Timing of various developmental stages including anthesis and whole-plant (‘monocarpic’) senescence influences yield and quality of annual crops. While a correlation between flowering/seed filling and whole-plant senescence has been observed in many annuals, it is unclear how the gene networks controlling these processes interact. Using near-isogenic germplasm, it has previously been demonstrated that a grain protein content (GPC) locus on barley chromosome 6 strongly influences the timing of post-anthesis flag leaf senescence, with high-GPC germplasm senescing early. Here, it is shown that the presence of high-GPC allele(s) at this locus also accelerates pre-anthesis plant development. While floral transition at the shoot apical meristem (SAM; determined by the presence of double ridges) occurred simultaneously, subsequent development was faster in the high- than in the low-GPC line, and anthesis occurred on average 5 d earlier. Similarly, sequential (pre-anthesis) leaf senescence was slightly accelerated, but only after differences in SAM development became visible. Leaf expression levels of four candidate genes (from a list of genes differentially regulated in post-anthesis flag leaves) were much higher in the high-GPC line even before faster development of the SAM became visible. One of these genes may be a functional homologue of Arabidopsis glycine-rich RNA-binding protein 7, which has previously been implicated in the promotion of flowering. Together, the data establish that the GPC locus influences pre- and post-anthesis barley development and senescence, and set the stage for a more detailed analysis of the interactions between the molecular networks controlling these important life history traits.

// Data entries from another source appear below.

(* Let $K\subseteq\mathbb{R}^n$ be a proper cone and let $A\in\mathbb{R}^{n\times n}$ be $K$-monotone. Let $A=U-V$ be a $K$-regular splitting. Let $U=F-G=\overline{F}-\overline{G}$ be two $K$-weak regular splittings of type II of $U$ such that $VF^{-1}G=GF^{-1}V$ and $V\overline{F}^{-1}\overline{G}=\overline{G}\,\overline{F}^{-1}V$. For a positive integer $s$ let $$T_{s}=(F^{-1}G)^{s}+\sum_{j=0}^{s-1}(F^{-1}G)^{j}F^{-1}V,\qquad \overline{T}_{s}=(\overline{F}^{-1}\overline{G})^{s}+\sum_{j=0}^{s-1}(\overline{F}^{-1}\overline{G})^{j}\overline{F}^{-1}V.$$ If $G\geq_K GF^{-1}G$ and $\overline{G}\,\overline{F}^{-1}\geq_K GF^{-1}$, then $\rho(T_s)\leq\rho(\overline{T}_s)<1$.
   Context: A proper cone $K\subseteq\mathbb{R}^n$ is a closed, convex, pointed, solid cone. For $M\in\mathbb{R}^{n\times n}$, $M\geq_K 0$ means $MK\subseteq K$, and $M\geq_K N$ means $M-N\geq_K0$. A matrix $A$ is $K$-monotone if $A$ is nonsingular and $A^{-1}\geq_K 0$. A splitting $A=U-V$ (with $U$ nonsingular) is $K$-regular if $U^{-1}\geq_K 0$ and $V\geq_K 0$; it is a $K$-weak regular splitting of type II if $U^{-1}\geq_K 0$ and $VU^{-1}\geq_K 0$. $\rho$ denotes spectral radius. *)

theory Defs
  imports "HOL-Analysis.Analysis"
begin

definition proper_cone :: "(real ^ 'n) set \<Rightarrow> bool" where
  "proper_cone K \<longleftrightarrow> cone K \<and> closed K \<and> convex K \<and>
     K \<inter> uminus ` K = {0} \<and> interior K \<noteq> {}"

definition K_nonneg :: "(real ^ 'n) set \<Rightarrow> real ^ 'n ^ 'n \<Rightarrow> bool" where
  "K_nonneg K M \<longleftrightarrow> (\<forall>x\<in>K. M *v x \<in> K)"

definition K_ge :: "(real ^ 'n) set \<Rightarrow> real ^ 'n ^ 'n \<Rightarrow> real ^ 'n ^ 'n \<Rightarrow> bool" where
  "K_ge K M N \<longleftrightarrow> K_nonneg K (M - N)"

definition K_monotone :: "(real ^ 'n) set \<Rightarrow> real ^ 'n ^ 'n \<Rightarrow> bool" where
  "K_monotone K A \<longleftrightarrow> invertible A \<and> K_nonneg K (matrix_inv A)"

definition K_regular_splitting ::
  "(real ^ 'n) set \<Rightarrow> real ^ 'n ^ 'n \<Rightarrow> real ^ 'n ^ 'n \<Rightarrow> real ^ 'n ^ 'n \<Rightarrow> bool" where
  "K_regular_splitting K A U V \<longleftrightarrow> A = U - V \<and> invertible U \<and>
     K_nonneg K (matrix_inv U) \<and> K_nonneg K V"

definition K_weak_regular_splitting_II ::
  "(real ^ 'n) set \<Rightarrow> real ^ 'n ^ 'n \<Rightarrow> real ^ 'n ^ 'n \<Rightarrow> real ^ 'n ^ 'n \<Rightarrow> bool" where
  "K_weak_regular_splitting_II K A U V \<longleftrightarrow> A = U - V \<and> invertible U \<and>
     K_nonneg K (matrix_inv U) \<and> K_nonneg K (V ** matrix_inv U)"

definition cmat :: "real ^ 'n ^ 'm \<Rightarrow> complex ^ 'n ^ 'm" where
  "cmat M = (\<chi> i j. complex_of_real (M $ i $ j))"

definition spectral_radius :: "real ^ 'n ^ 'n \<Rightarrow> real" where
  "spectral_radius M =
     Max {cmod l | l. \<exists>v :: complex ^ 'n. v \<noteq> 0 \<and> cmat M *v v = l *s v}"
lemma sqnorm_mat_apply_le:
  assumes A: "A \<in> carrier_mat n n" "sym_mat A" and c: "0 < c"
    and form: "\<And>x. \<bar>bilin A x x\<bar> \<le> c * sqnorm n x"
  shows "sqnorm n (mat_apply A z) \<le> c\<^sup>2 * sqnorm n z"
proof -
  have polar: "4 * bilin A w z \<le> 2 * c * (sqnorm n w + sqnorm n z)" for w
  proof -
    have "4 * bilin A w z = bilin A (\<lambda>i. w i + 1 * z i) (\<lambda>i. w i + 1 * z i)
        - bilin A (\<lambda>i. w i + (-1) * z i) (\<lambda>i. w i + (-1) * z i)"
      unfolding bilin_add_scaled bilin_commute[OF A(2,1), of z w] by simp
    also have "\<dots> \<le> c * sqnorm n (\<lambda>i. w i + 1 * z i) + c * sqnorm n (\<lambda>i. w i + (-1) * z i)"
      using form[of "\<lambda>i. w i + 1 * z i"] form[of "\<lambda>i. w i + (-1) * z i"] by linarith
    also have "\<dots> = 2 * c * (sqnorm n w + sqnorm n z)"
      unfolding sqnorm_add_scaled by (simp add: algebra_simps)
    finally show ?thesis .
  qed
  \<comment> \<open>Polarization at \<open>w = A z / c\<close>.\<close>
  define v where "v = mat_apply A z"
  define w where "w i = v i / c" for i
  have "bilin A w z = sqnorm n v / c"
    using A(1) unfolding bilin_eq_sum_mat_apply sqnorm_def w_def v_def power2_eq_square
    by (simp add: sum_divide_distrib)
  moreover have "sqnorm n w = sqnorm n v / c\<^sup>2"
    unfolding sqnorm_def w_def by (simp add: power_divide sum_divide_distrib)
  ultimately have "4 * (sqnorm n v / c) \<le> 2 * c * (sqnorm n v / c\<^sup>2 + sqnorm n z)"
    using polar[of w] by simp
  then have "2 * sqnorm n v \<le> sqnorm n v + c\<^sup>2 * sqnorm n z"
    using c by (simp add: field_simps power2_eq_square)
  then show ?thesis by (simp add: v_def)
qed

lemma sqnorm_level_difference_le:
  assumes P: "nested_partitions n l P" and h: "h < l"
    and A: "A \<in> carrier_mat n n" "sym_mat A"
    and bounds: "\<And>x. \<alpha> * sqnorm n x \<le> bilin A x x \<and> bilin A x x \<le> \<beta> * sqnorm n x"
    and \<alpha>\<beta>: "0 < \<alpha>" "\<alpha> \<le> \<beta>"
  shows "sqnorm n (mat_apply (block_part (P h) A - block_part (P (Suc h)) A) z) \<le> \<beta>\<^sup>2 * sqnorm n z"
proof (rule sqnorm_mat_apply_le)
  obtain d :: "nat \<Rightarrow> real" where d: "\<And>i. d i \<in> {-1, 1}"
    and refine: "\<And>i j. (\<exists>S\<in>P (Suc h). i \<in> S \<and> j \<in> S) \<longleftrightarrow> (\<exists>S\<in>P h. i \<in> S \<and> j \<in> S) \<and> d i = d j"
    by (rule nested_partitions_refine_sign[OF P h]) (rule that)
  have M: "block_part (P h) A \<in> carrier_mat n n" "block_part (P (Suc h)) A \<in> carrier_mat n n"
    using A(1) by (auto intro: block_part_carrier)
  show "block_part (P h) A - block_part (P (Suc h)) A \<in> carrier_mat n n"
    by (rule minus_carrier_mat[OF M(2)])
  show "sym_mat (block_part (P h) A - block_part (P (Suc h)) A)"
    using sym_mat_minus[OF M sym_mat_block_part[OF A(2,1)] sym_mat_block_part[OF A(2,1)]] .
  show "0 < \<beta>" using \<alpha>\<beta> by simp
  fix x
  define p where "p = bilin (block_part (P h) A) x x"
  define q where "q = bilin (block_part (P h) A) (\<lambda>i. d i * x i) (\<lambda>i. d i * x i)"
  have diff: "bilin (block_part (P h) A - block_part (P (Suc h)) A) x x = (p - q) / 2"
    unfolding bilin_minus[OF M] bilin_block_part_refine[OF A(1) d refine] p_def q_def
    by (simp add: field_simps)
  have level_bounds: "\<alpha> * sqnorm n y \<le> bilin (block_part (P h) A) y y
      \<and> bilin (block_part (P h) A) y y \<le> \<beta> * sqnorm n y" for y
    using quadform_bounds_block_part[OF P A(1) bounds] h by simp
  have "\<alpha> * sqnorm n x \<le> p" "p \<le> \<beta> * sqnorm n x" "\<alpha> * sqnorm n x \<le> q" "q \<le> \<beta> * sqnorm n x"
    unfolding p_def q_def using level_bounds[of x] level_bounds[of "\<lambda>i. d i * x i"]
    by (simp_all add: sqnorm_sign_flip[OF d])
  moreover have "0 \<le> \<alpha> * sqnorm n x" "\<alpha> * sqnorm n x \<le> \<beta> * sqnorm n x"
    using \<alpha>\<beta> sqnorm_nonneg[of n x] by (simp_all add: mult_right_mono)
  ultimately have "\<bar>p - q\<bar> \<le> 2 * (\<beta> * sqnorm n x)"
    unfolding abs_le_iff by linarith
  then show "\<bar>bilin (block_part (P h) A - block_part (P (Suc h)) A) x x\<bar> \<le> \<beta> * sqnorm n x"
    unfolding diff by simp
qed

Effects of a barley (Hordeum vulgare) chromosome 6 grain protein content locus on whole-plant nitrogen reallocation under two different fertilisation regimes

A large fraction of protein N harvested with crop seeds is derived from N remobilisation from senescing vegetative plant parts, while a smaller fraction stems from de novo N assimilation occurring after anthesis. This study contrasts near-isogenic barley (Hordeum vulgare L.) germplasm, varying in the allelic state of a major grain protein content (GPC) locus on chromosome 6. Plant material was grown under both low- and high-N fertilisation levels. The analyses indicated that leaf N remobilisation occurred earlier in high-GPC germplasm under both fertilisation regimes, as indicated by an earlier decrease of total leaf N, chlorophylls, soluble- and membrane-proteins. At the same time, kernel free amino acid levels were enhanced, while leaf free amino acid levels were lower in high-GPC barleys, suggesting enhanced retranslocation of organic N to the developing sinks. Enhanced or longer availability of leaf nitrates was detected in high-GPC varieties and lines, at least under high N fertilisation, indicating that the GPC locus profoundly influences whole-plant N allocation and management. Results presented here, together with data from a recent transcriptomic analysis, make a substantial contribution to our understanding of whole-plant N storage, remobilisation and retranslocation to developing sinks.